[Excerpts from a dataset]
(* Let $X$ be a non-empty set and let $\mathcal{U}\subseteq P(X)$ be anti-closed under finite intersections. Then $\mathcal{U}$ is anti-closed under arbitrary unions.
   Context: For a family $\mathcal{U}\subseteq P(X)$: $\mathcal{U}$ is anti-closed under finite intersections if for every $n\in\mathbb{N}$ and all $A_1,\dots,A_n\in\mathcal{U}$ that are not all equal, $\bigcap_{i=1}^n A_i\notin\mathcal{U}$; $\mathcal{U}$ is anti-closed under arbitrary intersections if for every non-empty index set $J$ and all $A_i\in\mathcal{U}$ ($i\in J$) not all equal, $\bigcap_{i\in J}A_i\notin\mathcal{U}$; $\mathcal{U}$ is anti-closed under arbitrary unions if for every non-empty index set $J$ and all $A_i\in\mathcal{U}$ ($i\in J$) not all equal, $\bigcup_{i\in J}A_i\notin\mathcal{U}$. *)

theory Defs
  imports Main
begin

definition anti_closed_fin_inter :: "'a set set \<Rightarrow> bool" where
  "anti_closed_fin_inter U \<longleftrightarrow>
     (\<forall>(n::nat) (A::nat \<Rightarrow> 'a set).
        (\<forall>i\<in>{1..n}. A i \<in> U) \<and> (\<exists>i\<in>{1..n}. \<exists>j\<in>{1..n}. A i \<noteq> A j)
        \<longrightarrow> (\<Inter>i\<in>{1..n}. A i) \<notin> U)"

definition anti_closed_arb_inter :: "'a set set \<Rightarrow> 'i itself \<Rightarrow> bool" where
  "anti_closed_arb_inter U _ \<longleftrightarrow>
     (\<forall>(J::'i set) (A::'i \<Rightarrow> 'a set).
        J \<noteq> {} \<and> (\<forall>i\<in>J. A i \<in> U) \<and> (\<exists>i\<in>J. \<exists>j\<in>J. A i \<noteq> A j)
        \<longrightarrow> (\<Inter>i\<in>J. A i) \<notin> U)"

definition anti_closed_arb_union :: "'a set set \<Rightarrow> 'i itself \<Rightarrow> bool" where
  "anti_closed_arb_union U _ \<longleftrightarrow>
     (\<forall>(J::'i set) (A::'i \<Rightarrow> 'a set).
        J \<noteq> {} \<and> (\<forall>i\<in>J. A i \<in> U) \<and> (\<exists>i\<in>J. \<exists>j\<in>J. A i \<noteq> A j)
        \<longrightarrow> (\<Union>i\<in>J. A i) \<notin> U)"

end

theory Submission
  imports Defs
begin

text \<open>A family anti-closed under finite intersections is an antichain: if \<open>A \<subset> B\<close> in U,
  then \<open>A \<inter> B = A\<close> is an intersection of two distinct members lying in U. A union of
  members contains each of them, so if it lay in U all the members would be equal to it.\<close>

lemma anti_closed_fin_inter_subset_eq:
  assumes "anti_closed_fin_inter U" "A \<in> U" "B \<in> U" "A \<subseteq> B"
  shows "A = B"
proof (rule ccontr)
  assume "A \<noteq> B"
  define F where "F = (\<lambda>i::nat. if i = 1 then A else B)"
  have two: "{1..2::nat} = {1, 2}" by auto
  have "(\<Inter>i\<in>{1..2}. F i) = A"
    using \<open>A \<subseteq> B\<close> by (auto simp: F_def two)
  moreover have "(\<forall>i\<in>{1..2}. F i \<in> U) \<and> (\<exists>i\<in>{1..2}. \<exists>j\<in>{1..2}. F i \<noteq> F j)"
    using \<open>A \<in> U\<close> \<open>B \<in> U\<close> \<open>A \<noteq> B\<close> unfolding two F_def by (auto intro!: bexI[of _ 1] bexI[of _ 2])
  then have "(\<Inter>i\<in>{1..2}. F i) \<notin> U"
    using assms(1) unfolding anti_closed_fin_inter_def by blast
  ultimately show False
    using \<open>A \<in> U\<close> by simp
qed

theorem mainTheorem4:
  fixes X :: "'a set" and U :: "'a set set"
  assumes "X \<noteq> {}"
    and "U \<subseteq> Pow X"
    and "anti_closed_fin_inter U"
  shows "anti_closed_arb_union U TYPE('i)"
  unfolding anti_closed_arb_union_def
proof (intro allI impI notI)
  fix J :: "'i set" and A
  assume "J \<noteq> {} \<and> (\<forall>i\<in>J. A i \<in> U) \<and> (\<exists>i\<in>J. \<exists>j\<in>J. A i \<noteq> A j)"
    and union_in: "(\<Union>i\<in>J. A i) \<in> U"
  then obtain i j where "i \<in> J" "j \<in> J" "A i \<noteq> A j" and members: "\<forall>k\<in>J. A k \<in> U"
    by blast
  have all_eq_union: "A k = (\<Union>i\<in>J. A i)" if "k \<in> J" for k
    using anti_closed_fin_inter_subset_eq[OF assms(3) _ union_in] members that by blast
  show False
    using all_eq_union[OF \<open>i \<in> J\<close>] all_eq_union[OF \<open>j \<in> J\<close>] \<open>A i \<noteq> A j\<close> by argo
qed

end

◆ DIRECTIONS FOR THIS TASK ◆
Filter the entries down to the lines containing "itself". Copy each of those lines.

◆ TASK SOLUTION ◆
definition anti_closed_arb_inter :: "'a set set \<Rightarrow> 'i itself \<Rightarrow> bool" where
definition anti_closed_arb_union :: "'a set set \<Rightarrow> 'i itself \<Rightarrow> bool" where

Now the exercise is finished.